Keeping a detailed record of the time and circumstances of hot flashes will allow you to modify your eating habits. Stimulants like tea, coffee, cola, and chocolate may trigger hot flashes, so can excessive alcohol consumption, heavy meals, fatty, salty, or very spicy foods.


If you perspire a lot, don’t forget to increase your intake of liquids. Now is a good time to drink more water and milk, and discover new herbal teas. Try to eat soup, and other foods that contain a lot of water such as fruit and vegetables more often.


Fatigue can sometimes be a symptom of anemia, brought about by loss of iron due to more frequent menstrual flow sometimes seen in premenopausal years. Because it is difficult to get the daily recommended requirement of iron, and because it is found in varying quantities in many foods, it is important to eat a variety of foods rich in iron every day.

Sources of iron

  • Meat (beef, veal, pork, lamb)
  • Liver and other organ meats
  • Poultry and fish
  • Legumes: chickpeas, lentils, baked beans, kidney beans, etc.
  • Whole grain cereals such as oatmeal, whole wheat, whole wheat squares, baby cereals and other fortified breakfast cereals
  • Whole grain bread
  • Cream of wheat enriched with iron

Preventing osteoporosis

You can help maintain bone density by, amongst other things, consuming a sufficient amount of milk products.
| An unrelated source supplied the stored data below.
text \<open>Girth: length of a shortest cycle (infinity if the graph is acyclic).\<close>
definition girth :: "nat \<Rightarrow> (nat \<Rightarrow> nat \<Rightarrow> bool) \<Rightarrow> enat" where
  "girth n E = (INF m\<in>{m. has_cycle n E m}. enat m)"

locale cstar_algebra =
  fixes smul :: "complex \<Rightarrow> 'a::ring_1 \<Rightarrow> 'a"
    and star :: "'a \<Rightarrow> 'a"
    and nrm :: "'a \<Rightarrow> real"
  assumes smul_add_right: "smul c (x + y) = smul c x + smul c y"
    and smul_add_left: "smul (c + d) x = smul c x + smul d x"
    and smul_mult: "smul (c * d) x = smul c (smul d x)"
    and smul_one: "smul 1 x = x"
    and smul_times_left: "smul c (x * y) = smul c x * y"
    and smul_times_right: "smul c (x * y) = x * smul c y"
    and star_star: "star (star x) = x"
    and star_add: "star (x + y) = star x + star y"
    and star_mult: "star (x * y) = star y * star x"
    and star_smul: "star (smul c x) = smul (cnj c) (star x)"
    and nrm_zero_iff: "nrm x = 0 \<longleftrightarrow> x = 0"
    and nrm_triangle: "nrm (x + y) \<le> nrm x + nrm y"
    and nrm_smul: "nrm (smul c x) = cmod c * nrm x"
    and nrm_mult: "nrm (x * y) \<le> nrm x * nrm y"
    and nrm_complete: "(\<forall>e>0. \<exists>N. \<forall>m\<ge>N. \<forall>k\<ge>N. nrm (X m - X k) < e) \<Longrightarrow>
                        \<exists>L. (\<lambda>m. nrm (X m - L)) \<longlonglongrightarrow> 0"
    and cstar_identity: "nrm (star x * x) = (nrm x)\<^sup>2"

text \<open>u is a family in a unital *-algebra satisfying relations (R1)-(R3) of
  C(G_aut^+(Gamma)) for the graph ({1..n}, E).\<close>
definition graph_magic_unitary ::
  "('a::ring_1 \<Rightarrow> 'a) \<Rightarrow> nat \<Rightarrow> (nat \<Rightarrow> nat \<Rightarrow> bool) \<Rightarrow> (nat \<Rightarrow> nat \<Rightarrow> 'a) \<Rightarrow> bool" where
  "graph_magic_unitary star n E u \<longleftrightarrow>
     (\<forall>i\<in>{1..n}. \<forall>j\<in>{1..n}. star (u i j) = u i j \<and> u i j * u i j = u i j) \<and>
     (\<forall>i\<in>{1..n}. (\<Sum>l\<in>{1..n}. u i l) = 1 \<and> (\<Sum>l\<in>{1..n}. u l i) = 1) \<and>
     (\<forall>i\<in>{1..n}. \<forall>j\<in>{1..n}. \<forall>k\<in>{1..n}. \<forall>l\<in>{1..n}.
        E i k \<noteq> E j l \<longrightarrow> u i j * u k l = 0 \<and> u k l * u i j = 0)"

end

theory Submission
  imports Defs
begin

text \<open>Girth five makes the graph triangle-free and gives any two distinct vertices at most one
  common neighbour; strong regularity, applied to a path of length two on a 5-cycle, then yields
  exactly one common neighbour for non-adjacent vertices and degree at least two. Relation (R3)
  lets a product u_ab u_cd factor through u_mm', where m and m' are the common neighbours of a, c
  and of b, d. For adjacent pairs i ~ k and j ~ l this gives pqpq = pqpqp for the projections
  p = u_ij and q = u_kl, which in a C*-algebra forces pq = qp. For non-adjacent pairs both
  products factor through c = u_kl, and modulo c the generators u_ij and u_xy can be replaced by
  partial row sums over two adjacent rows, which commute by the adjacent case.\<close>

context cstar_algebra
begin

lemma star_zero: "star 0 = 0"
  using star_add[of 0 0] by simp

lemma star_diff: "star (x - y) = star x - star y"
  using star_add[of "x - y" y] by (simp add: algebra_simps)

lemma star_sum: "finite A \<Longrightarrow> star (sum f A) = (\<Sum>x\<in>A. star (f x))"
  by (induct A rule: finite_induct) (simp_all add: star_zero star_add)

lemma star_mult_self_eq_zeroD:
  assumes "star x * x = 0"
  shows "x = 0"
proof -
  have "(nrm x)\<^sup>2 = 0"
    using assms cstar_identity[of x] nrm_zero_iff[of 0] by simp
  then show ?thesis
    using nrm_zero_iff by simp
qed

(* With z = pqp and y = pq - z the hypothesis says zy = 0 while yy* = z - z^2; hence z^3 = z^2,
   so the self-adjoint z - z^2 squares to 0 and vanishes. Then yy* = 0, so y = 0 and
   pq = z = z* = qp. *)
lemma projections_commute:
  assumes p: "star p = p" "p * p = p" and q: "star q = q" "q * q = q"
    and pqpq: "p * q * p * q = p * q * p * q * p"
  shows "p * q = q * p"
proof -
  define z where "z = p * q * p"
  define y where "y = p * q - z"
  have pp: "p * (p * x) = p * x" and qq: "q * (q * x) = q * x" for x
    using p q by (metis mult.assoc)+
  have star_z: "star z = z"
    unfolding z_def using p q by (simp add: star_mult mult.assoc)
  have star_y: "star y = q * p - z"
    unfolding y_def using p q star_z by (simp add: star_diff star_mult)
  have zy: "z * y = 0"
    unfolding y_def z_def using pqpq by (simp add: algebra_simps pp)
  have y_star_y: "y * star y = z - z * z"
    unfolding star_y unfolding y_def z_def by (simp add: algebra_simps pp qq)
  have "z * (z - z * z) = z * y * star y"
    using y_star_y by (simp add: mult.assoc)
  then have z3: "z * z * z = z * z"
    using zy by (simp add: algebra_simps)
  then have z4: "z * z * z * z = z * z"
    by (metis mult.assoc)
  have "star (z - z * z) * (z - z * z) = z * z - z * z * z - z * z * z + z * z * z * z"
    by (simp add: star_diff star_mult star_z algebra_simps)
  also have "\<dots> = 0"
    using z3 z4 by simp
  finally have "z - z * z = 0"
    by (rule star_mult_self_eq_zeroD)
  then have "star y = 0"
    using y_star_y star_star by (metis star_mult_self_eq_zeroD)
  then have "y = 0"
    using star_star star_zero by metis
  then have "p * q = z"
    unfolding y_def by simp
  moreover have "q * p = star z"
    using calculation p q by (metis star_mult)
  ultimately show ?thesis
    using star_z by simp
qed

end

lemma has_cycle_of_list:
  assumes "distinct vs" "3 \<le> length vs" "set vs \<subseteq> {1..n}"
    and "\<forall>i<length vs. E (vs ! i) (vs ! (Suc i mod length vs))"
  shows "has_cycle n E (length vs)"
  unfolding has_cycle_def using assms
  by (auto simp: distinct_conv_nth inj_on_def intro!: exI[of _ "(!) vs"])

lemma simple_graph_triangle_has_cycle:
  assumes "simple_graph n E" "E x y" "E y z" "E z x"
  shows "has_cycle n E 3"
proof -
  have "x \<noteq> y" "y \<noteq> z" "z \<noteq> x"
    and "x \<in> {1..n}" "y \<in> {1..n}" "z \<in> {1..n}"
    using assms unfolding simple_graph_def by metis+
  then have "has_cycle n E (length [x, y, z])"
    using assms(2-) by (intro has_cycle_of_list) (simp_all add: All_less_Suc)
  then show ?thesis by (simp add: eval_nat_numeral)
qed

lemma simple_graph_square_has_cycle:
  assumes "simple_graph n E" "x \<noteq> z" "m \<noteq> m'" "E x m" "E m z" "E z m'" "E m' x"
  shows "has_cycle n E 4"
proof -
  have "x \<noteq> m" "m \<noteq> z" "z \<noteq> m'" "m' \<noteq> x"
    and "x \<in> {1..n}" "m \<in> {1..n}" "z \<in> {1..n}" "m' \<in> {1..n}"
    using assms unfolding simple_graph_def by metis+
  then have "has_cycle n E (length [x, m, z, m'])"
    using assms(2-) by (intro has_cycle_of_list) (simp_all add: All_less_Suc)
  then show ?thesis by (simp add: eval_nat_numeral)
qed

lemma girth_le_cycle_length: "has_cycle n E m \<Longrightarrow> girth n E \<le> enat m"
  unfolding girth_def by (rule INF_lower) simp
The body assimilates the calcium in milk products well because milk contains two components that help calcium absorption: lactose and vitamin D. Remember that certain commercial yogurts are made with milk that has been fortified with vitamin D.
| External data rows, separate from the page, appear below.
lemma deficit_one_among_three:
  fixes a :: "nat \<Rightarrow> nat"
  assumes "a 0 \<le> s" "a 1 \<le> s" "a 2 \<le> s" "a 0 + a 1 + a 2 + 1 = 3 * s"
  shows "\<exists>k\<in>{0, 1, 2}. a k + 1 = s \<and> (\<forall>j\<in>{0, 1, 2} - {k}. a j = s)"
proof -
  have "a 0 + 1 = s \<and> a 1 = s \<and> a 2 = s \<or> a 1 + 1 = s \<and> a 0 = s \<and> a 2 = s \<or>
      a 2 + 1 = s \<and> a 0 = s \<and> a 1 = s"
    using assms by arith
  then show ?thesis
    by auto
qed

lemma card_outside_colour_class_le:
  assumes "simple_graph V E" "regular V E r" "\<forall>x\<in>V. \<forall>y\<in>V. E x y \<longrightarrow> f x \<noteq> f y" "z \<in> V"
    and full: "\<And>y. y \<in> V \<Longrightarrow> f y \<noteq> f z \<Longrightarrow> card {u\<in>V. f u = f y} = card V - r"
  shows "card (V - {u\<in>V. f u = f z}) \<le> r"
proof -
  have "finite V"
    using simple_graphD(1)[OF assms(1)] .
  have "V - {u\<in>V. f u = f z} \<subseteq> {u\<in>V. E z u}"
  proof
    fix y
    assume y: "y \<in> V - {u\<in>V. f u = f z}"
    then have "E y z"
      using full assms(4) by (intro full_colour_class_adjacent[OF \<open>finite V\<close> assms(2,3)]) auto
    then show "y \<in> {u\<in>V. E z u}"
      using simple_graphD(4)[OF assms(1)] y by auto
  qed
  then have "card (V - {u\<in>V. f u = f z}) \<le> card {u\<in>V. E z u}"
    using \<open>finite V\<close> by (intro card_mono) auto
  also have "\<dots> = r"
    using assms(2,4) by (simp add: regular_def)
  finally show ?thesis .
qed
To ensure an adequate intake of vitamin D, two daily servings of milk are recommended by Canada’s Food Guide. Health Canada also recommends a daily vitamin D supplement of 10 µg (400 IU) for all adults over the age of 50.

Physical activity to the rescue

The practice of regular weight-bearing physical activity allows formation of a greater bone density. Also, physical activity helps tone muscles and promotes good balance and coordination which contributes to reducing the risk of falls.

To learn more about bone health and osteoporosis, read our Bone Health and Osteoporosis article.

Get your daily dose of Milk and Alternatives

Women aged 19-50: 2 servings per day
Women aged 51 and above: 3 servings per day

The word "daily" is very important. In fact, the human body absorbs occasional and massive doses of calcium poorly. Therefore, it is better to consume milk and its alternatives in sufficient quantities every day.

Good sources of calcium

Foods equal to one serving of Milk and Alternatives:

  • 250 mL (1 cup) of milk
  • 175 g (3/4 cup) of yogurt
  • 50 g (1 1/2 oz) of cheese such as Cheddar, Blue, Brick, Edam, Gouda, Gruyere, Mozzarella, Swiss, etc.